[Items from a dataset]
────────────────────

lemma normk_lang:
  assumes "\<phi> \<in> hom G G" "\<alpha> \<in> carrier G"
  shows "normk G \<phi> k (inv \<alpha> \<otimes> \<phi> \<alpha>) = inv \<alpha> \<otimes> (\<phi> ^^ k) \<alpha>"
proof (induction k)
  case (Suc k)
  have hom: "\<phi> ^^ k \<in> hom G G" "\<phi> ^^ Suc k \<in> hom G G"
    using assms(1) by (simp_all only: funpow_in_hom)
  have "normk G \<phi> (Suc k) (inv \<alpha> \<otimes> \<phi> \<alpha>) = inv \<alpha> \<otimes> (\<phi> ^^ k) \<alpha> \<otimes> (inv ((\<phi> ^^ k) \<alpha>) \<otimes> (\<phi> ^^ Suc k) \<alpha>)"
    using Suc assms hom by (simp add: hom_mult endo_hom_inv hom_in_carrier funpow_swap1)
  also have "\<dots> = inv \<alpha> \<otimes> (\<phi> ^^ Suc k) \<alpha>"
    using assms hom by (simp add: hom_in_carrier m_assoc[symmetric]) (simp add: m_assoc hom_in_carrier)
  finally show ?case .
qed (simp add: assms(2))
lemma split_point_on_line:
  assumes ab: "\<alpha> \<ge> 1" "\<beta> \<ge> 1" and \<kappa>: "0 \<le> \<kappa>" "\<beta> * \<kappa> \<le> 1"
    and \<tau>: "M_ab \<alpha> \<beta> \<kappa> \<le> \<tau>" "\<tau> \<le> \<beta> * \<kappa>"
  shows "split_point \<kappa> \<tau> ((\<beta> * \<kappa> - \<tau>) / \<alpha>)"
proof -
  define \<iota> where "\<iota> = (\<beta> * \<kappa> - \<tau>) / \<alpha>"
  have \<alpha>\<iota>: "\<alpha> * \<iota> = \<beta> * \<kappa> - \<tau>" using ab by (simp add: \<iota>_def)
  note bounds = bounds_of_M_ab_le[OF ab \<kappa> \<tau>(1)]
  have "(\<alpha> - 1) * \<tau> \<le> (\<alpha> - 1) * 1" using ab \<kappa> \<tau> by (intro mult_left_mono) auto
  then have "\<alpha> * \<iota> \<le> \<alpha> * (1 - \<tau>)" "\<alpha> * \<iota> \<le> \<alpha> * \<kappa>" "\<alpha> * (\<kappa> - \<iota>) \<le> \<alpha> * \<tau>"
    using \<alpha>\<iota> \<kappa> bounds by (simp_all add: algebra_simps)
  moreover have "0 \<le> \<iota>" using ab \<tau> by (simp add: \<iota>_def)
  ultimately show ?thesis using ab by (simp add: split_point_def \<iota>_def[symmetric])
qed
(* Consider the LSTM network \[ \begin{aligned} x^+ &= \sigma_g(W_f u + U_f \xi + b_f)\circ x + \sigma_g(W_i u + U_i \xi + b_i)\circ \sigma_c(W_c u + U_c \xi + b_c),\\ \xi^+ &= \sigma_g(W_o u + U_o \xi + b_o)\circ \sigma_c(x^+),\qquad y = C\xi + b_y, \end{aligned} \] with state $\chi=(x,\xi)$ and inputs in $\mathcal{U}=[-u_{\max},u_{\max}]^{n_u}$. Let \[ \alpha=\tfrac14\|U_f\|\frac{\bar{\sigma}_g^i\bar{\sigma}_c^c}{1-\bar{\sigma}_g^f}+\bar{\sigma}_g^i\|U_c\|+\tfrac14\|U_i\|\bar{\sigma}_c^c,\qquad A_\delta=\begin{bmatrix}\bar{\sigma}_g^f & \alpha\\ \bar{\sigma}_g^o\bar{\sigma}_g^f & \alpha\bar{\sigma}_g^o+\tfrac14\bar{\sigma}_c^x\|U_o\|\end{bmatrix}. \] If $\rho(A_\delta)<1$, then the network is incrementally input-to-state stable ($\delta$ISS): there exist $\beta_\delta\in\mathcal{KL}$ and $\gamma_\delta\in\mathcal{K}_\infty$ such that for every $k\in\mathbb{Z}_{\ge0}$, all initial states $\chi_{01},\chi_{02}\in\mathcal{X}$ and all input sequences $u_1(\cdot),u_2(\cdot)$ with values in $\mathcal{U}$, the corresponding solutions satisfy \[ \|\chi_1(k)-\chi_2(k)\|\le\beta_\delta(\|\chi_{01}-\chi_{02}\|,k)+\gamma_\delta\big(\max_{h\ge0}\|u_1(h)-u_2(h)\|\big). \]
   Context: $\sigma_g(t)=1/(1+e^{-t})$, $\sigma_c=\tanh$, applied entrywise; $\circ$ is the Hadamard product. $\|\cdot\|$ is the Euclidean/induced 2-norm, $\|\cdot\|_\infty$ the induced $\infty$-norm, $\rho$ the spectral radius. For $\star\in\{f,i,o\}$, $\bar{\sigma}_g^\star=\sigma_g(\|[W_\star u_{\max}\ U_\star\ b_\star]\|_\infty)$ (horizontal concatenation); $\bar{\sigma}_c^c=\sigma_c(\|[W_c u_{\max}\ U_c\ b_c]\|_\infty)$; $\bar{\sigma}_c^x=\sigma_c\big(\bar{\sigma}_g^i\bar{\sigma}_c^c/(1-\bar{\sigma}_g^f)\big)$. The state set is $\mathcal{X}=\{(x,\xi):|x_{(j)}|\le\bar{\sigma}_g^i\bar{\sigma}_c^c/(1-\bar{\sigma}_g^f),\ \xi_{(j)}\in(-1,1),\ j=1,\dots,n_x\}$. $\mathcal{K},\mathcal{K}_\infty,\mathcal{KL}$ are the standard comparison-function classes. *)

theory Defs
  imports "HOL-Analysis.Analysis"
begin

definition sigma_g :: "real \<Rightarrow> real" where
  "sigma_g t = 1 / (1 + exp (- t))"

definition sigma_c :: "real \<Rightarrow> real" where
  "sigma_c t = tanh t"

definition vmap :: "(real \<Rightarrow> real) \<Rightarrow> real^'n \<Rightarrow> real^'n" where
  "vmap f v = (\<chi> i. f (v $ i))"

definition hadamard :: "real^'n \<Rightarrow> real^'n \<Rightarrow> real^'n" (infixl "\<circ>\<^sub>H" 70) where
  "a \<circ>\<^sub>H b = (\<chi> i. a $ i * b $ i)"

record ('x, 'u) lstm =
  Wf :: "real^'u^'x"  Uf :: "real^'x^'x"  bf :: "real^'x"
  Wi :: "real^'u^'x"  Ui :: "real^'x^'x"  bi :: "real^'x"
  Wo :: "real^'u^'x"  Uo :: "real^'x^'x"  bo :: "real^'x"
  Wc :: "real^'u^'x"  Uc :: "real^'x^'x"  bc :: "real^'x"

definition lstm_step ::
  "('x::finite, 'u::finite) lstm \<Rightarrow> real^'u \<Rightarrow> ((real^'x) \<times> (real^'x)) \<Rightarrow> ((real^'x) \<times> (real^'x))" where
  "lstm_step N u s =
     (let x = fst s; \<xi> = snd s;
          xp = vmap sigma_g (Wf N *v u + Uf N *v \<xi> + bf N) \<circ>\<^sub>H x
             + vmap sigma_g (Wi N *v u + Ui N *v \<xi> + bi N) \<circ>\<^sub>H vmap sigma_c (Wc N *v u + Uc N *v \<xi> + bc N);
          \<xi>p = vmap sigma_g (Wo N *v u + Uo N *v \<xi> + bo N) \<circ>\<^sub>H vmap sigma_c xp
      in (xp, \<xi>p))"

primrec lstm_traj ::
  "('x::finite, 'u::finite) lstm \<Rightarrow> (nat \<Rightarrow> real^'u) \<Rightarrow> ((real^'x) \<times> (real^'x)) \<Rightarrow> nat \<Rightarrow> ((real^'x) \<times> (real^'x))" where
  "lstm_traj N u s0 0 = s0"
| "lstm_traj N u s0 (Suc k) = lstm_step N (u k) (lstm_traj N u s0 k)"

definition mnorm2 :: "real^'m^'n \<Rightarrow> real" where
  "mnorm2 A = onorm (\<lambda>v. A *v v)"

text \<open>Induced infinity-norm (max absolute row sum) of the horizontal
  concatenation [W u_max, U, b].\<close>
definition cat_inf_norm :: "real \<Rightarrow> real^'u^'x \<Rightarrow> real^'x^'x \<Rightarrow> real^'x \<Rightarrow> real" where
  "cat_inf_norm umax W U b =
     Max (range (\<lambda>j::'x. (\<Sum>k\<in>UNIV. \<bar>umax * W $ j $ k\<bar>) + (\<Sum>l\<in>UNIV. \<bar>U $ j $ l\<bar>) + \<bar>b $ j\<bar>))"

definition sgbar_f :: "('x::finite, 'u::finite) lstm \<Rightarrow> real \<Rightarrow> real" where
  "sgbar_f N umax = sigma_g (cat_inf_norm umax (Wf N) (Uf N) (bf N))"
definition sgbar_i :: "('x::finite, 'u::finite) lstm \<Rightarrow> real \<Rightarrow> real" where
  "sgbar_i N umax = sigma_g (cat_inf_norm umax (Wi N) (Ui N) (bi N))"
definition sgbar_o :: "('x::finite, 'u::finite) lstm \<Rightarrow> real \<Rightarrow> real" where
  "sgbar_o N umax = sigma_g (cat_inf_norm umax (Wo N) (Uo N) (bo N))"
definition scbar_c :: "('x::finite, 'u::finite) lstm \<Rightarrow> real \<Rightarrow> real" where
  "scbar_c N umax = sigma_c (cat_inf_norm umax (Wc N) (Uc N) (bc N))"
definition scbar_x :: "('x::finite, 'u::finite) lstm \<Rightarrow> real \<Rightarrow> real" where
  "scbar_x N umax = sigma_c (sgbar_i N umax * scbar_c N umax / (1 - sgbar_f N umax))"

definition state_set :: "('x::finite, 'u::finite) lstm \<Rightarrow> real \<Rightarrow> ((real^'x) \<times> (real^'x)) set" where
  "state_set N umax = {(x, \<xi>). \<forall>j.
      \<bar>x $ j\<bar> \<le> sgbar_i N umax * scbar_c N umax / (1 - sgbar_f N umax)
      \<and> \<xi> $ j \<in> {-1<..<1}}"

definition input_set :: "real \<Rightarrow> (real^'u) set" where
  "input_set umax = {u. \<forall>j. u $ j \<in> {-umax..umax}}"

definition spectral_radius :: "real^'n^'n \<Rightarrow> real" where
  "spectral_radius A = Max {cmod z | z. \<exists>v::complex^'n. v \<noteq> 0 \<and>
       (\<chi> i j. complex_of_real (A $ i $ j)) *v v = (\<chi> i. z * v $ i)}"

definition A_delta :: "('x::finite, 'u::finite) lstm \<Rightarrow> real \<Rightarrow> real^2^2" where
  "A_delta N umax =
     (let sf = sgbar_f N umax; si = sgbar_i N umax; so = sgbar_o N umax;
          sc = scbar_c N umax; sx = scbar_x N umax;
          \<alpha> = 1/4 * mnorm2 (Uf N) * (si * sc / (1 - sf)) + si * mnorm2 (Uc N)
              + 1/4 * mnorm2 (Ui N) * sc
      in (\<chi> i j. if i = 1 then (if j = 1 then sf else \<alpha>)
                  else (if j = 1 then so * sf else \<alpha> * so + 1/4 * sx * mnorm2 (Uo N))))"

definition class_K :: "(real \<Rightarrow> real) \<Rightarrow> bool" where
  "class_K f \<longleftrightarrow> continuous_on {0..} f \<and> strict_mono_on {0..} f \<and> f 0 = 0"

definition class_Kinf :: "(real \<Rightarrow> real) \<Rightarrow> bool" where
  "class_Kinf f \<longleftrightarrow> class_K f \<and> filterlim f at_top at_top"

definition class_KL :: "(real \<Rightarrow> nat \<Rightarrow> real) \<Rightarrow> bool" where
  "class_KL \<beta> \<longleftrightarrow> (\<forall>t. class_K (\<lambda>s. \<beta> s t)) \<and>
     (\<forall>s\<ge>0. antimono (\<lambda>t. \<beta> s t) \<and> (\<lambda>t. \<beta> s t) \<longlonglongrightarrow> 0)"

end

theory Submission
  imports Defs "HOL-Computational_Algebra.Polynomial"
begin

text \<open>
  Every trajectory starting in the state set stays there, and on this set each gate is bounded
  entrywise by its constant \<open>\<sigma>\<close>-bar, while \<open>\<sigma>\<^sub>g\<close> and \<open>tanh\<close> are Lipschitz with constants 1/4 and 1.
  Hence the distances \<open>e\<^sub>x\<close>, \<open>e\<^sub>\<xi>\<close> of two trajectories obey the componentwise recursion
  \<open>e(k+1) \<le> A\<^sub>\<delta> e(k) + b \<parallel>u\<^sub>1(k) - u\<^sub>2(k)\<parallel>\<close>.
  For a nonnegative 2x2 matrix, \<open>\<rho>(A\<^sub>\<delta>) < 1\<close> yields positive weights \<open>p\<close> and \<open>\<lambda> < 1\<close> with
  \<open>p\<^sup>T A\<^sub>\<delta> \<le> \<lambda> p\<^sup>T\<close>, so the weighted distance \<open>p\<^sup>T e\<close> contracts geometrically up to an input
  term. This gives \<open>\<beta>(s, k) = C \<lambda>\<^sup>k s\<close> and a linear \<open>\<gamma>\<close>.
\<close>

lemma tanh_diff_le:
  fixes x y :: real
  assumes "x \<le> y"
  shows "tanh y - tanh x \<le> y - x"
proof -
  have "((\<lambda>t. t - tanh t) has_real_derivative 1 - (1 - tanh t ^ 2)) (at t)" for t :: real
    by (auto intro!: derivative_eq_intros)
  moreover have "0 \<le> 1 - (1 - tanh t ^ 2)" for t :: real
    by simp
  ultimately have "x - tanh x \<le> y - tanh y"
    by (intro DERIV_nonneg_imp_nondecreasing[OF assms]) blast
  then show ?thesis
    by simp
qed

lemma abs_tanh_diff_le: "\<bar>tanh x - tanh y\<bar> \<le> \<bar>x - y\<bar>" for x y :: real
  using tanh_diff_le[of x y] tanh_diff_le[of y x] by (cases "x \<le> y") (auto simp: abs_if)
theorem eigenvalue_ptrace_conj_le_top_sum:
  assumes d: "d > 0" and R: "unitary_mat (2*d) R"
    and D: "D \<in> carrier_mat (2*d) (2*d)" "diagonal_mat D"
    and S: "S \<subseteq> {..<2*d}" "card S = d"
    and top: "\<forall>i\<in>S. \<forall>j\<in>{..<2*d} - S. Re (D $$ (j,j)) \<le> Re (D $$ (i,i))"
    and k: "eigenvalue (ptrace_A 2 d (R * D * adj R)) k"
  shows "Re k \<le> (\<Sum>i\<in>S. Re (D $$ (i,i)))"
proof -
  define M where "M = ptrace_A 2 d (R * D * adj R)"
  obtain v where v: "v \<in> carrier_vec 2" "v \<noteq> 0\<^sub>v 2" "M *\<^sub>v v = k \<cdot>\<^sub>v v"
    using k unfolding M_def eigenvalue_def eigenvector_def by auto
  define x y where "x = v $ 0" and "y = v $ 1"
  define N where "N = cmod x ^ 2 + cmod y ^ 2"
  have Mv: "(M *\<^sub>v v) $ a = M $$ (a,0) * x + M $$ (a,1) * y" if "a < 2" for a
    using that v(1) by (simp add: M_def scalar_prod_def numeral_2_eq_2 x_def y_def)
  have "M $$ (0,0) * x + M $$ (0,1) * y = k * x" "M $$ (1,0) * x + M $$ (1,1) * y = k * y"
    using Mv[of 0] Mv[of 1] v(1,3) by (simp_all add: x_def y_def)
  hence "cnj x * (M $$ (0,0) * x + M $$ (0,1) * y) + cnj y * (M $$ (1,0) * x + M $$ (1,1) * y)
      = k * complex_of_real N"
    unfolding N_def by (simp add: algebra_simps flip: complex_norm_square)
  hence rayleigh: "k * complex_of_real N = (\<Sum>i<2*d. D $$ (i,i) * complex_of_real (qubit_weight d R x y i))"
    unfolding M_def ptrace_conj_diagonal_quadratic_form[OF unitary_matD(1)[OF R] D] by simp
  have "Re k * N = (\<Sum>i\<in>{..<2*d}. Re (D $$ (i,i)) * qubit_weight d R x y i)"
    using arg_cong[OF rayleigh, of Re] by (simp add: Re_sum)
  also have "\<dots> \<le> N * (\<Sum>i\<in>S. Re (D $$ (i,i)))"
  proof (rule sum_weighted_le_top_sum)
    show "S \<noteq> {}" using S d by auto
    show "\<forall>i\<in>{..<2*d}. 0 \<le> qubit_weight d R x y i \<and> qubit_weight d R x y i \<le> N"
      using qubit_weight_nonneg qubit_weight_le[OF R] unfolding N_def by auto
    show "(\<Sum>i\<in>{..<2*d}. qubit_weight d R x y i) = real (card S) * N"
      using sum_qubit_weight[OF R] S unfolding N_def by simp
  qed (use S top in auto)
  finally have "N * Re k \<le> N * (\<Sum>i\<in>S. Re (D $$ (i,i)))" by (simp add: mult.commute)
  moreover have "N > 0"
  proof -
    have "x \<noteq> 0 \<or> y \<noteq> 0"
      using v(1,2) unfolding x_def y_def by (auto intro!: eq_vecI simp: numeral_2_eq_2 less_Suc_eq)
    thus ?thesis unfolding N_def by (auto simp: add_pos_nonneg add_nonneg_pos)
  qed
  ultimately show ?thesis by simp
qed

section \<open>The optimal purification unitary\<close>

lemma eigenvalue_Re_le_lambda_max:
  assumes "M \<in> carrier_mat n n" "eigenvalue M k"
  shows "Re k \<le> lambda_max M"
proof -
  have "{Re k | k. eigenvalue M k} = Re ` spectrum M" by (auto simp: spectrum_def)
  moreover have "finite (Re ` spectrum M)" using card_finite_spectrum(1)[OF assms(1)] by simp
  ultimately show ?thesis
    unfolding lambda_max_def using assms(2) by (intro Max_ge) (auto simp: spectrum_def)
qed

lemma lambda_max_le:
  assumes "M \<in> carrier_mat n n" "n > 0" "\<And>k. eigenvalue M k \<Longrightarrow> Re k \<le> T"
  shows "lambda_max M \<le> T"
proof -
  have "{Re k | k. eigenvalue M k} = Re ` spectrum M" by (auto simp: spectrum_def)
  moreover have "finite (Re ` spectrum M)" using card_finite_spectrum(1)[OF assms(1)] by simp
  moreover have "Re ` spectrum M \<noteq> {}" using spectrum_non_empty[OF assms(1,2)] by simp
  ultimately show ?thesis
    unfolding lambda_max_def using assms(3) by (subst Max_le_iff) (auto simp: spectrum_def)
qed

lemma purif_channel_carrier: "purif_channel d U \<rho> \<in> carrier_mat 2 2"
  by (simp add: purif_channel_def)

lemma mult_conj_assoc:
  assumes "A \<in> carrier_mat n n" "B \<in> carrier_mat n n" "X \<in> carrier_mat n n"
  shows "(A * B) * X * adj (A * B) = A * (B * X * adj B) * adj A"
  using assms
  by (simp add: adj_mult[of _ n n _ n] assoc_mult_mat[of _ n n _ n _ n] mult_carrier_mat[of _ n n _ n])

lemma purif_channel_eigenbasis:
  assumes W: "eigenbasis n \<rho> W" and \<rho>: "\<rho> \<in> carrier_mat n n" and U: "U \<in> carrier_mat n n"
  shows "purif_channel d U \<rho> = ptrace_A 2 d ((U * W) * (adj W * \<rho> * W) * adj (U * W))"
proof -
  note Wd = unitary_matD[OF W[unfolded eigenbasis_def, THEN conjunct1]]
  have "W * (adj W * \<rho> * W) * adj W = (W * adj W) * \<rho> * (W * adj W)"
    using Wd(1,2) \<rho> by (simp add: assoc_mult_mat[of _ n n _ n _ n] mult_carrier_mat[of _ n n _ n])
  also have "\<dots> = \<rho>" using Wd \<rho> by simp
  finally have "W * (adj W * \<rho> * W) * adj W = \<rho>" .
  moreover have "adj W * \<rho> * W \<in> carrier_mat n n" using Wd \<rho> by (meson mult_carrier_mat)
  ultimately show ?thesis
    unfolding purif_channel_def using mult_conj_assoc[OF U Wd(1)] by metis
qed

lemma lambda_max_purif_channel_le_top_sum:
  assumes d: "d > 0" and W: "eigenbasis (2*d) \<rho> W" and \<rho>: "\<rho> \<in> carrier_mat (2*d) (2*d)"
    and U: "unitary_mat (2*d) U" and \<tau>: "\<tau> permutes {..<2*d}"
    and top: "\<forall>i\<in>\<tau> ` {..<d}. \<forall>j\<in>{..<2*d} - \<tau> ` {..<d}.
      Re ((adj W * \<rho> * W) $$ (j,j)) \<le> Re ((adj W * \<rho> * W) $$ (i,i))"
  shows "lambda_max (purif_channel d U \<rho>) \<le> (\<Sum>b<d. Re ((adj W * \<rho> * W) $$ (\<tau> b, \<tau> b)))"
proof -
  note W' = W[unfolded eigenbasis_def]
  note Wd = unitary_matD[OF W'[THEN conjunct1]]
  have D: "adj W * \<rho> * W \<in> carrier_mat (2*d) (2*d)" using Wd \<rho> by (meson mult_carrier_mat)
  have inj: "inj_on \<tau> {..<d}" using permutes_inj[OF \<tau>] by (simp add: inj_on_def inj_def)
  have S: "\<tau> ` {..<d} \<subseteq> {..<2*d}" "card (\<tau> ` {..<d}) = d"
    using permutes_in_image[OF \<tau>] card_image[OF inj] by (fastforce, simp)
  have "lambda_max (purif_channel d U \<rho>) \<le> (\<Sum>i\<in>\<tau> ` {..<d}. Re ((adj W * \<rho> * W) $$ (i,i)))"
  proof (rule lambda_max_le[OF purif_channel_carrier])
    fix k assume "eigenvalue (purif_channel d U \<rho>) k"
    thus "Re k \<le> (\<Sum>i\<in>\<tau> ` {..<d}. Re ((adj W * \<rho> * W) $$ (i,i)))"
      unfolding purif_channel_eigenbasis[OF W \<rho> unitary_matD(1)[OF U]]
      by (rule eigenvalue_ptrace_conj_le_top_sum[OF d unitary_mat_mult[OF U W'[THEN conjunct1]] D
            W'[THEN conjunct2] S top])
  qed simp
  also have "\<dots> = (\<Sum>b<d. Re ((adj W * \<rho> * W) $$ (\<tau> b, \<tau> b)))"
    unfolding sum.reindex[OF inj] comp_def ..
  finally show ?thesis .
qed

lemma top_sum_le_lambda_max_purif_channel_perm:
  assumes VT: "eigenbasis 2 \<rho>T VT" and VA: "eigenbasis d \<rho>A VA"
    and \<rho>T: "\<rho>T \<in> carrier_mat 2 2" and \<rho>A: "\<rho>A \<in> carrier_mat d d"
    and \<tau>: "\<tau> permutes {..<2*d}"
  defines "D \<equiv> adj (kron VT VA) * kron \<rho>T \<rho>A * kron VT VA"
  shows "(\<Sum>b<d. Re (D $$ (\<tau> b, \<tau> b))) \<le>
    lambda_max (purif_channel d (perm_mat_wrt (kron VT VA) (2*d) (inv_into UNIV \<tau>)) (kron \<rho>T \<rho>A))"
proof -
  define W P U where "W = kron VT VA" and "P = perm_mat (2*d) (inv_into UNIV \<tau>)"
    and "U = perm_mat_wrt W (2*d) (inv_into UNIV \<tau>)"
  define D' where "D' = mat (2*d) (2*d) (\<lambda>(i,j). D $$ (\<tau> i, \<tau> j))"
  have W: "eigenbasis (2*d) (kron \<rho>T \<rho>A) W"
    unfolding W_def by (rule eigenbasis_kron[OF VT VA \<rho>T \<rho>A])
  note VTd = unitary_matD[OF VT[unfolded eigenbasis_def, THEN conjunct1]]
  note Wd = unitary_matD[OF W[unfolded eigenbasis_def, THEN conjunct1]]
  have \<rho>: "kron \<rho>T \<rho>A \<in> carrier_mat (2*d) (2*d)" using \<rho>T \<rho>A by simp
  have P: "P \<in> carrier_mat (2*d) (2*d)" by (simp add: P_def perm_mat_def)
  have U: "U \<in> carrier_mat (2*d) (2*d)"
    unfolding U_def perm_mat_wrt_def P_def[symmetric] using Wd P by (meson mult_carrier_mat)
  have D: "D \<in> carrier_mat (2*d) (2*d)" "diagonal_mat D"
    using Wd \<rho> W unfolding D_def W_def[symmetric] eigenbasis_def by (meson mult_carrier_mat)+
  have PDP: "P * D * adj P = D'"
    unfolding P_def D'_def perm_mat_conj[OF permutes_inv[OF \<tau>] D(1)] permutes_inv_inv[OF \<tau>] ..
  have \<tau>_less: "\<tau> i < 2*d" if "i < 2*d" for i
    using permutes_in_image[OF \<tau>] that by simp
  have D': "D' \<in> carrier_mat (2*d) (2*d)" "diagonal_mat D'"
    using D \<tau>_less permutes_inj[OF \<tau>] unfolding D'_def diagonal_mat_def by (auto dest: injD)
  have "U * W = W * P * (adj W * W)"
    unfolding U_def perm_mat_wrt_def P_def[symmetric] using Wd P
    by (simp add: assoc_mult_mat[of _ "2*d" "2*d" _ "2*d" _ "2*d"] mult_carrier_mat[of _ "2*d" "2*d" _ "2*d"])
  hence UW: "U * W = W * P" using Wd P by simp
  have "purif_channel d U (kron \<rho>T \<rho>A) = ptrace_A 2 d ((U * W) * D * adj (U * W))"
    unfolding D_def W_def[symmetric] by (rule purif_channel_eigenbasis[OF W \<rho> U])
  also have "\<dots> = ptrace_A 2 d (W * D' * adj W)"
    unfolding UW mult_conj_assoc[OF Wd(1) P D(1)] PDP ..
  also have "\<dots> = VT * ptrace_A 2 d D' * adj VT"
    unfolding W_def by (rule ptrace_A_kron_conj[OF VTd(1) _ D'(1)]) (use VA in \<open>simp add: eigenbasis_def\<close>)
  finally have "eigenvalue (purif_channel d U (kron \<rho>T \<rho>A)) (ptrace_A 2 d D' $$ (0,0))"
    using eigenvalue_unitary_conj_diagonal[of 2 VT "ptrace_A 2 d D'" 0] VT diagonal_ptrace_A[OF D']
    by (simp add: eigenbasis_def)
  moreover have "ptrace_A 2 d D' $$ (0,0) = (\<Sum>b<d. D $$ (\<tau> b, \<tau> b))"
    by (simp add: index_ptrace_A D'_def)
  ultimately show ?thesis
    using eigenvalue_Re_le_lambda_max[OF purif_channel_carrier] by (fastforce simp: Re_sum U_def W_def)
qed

────────────────────

*EXERCISE DESCRIPTION:*
Please find every line in the records that contains the word "also", and copy it out.

*ANSWER SECTION:*
  also have "\<dots> = inv \<alpha> \<otimes> (\<phi> ^^ Suc k) \<alpha>"
  also have "\<dots> \<le> N * (\<Sum>i\<in>S. Re (D $$ (i,i)))"
  also have "\<dots> = \<rho>" using Wd \<rho> by simp
  also have "\<dots> = (\<Sum>b<d. Re ((adj W * \<rho> * W) $$ (\<tau> b, \<tau> b)))"
  also have "\<dots> = ptrace_A 2 d (W * D' * adj W)"
  also have "\<dots> = VT * ptrace_A 2 d D' * adj VT"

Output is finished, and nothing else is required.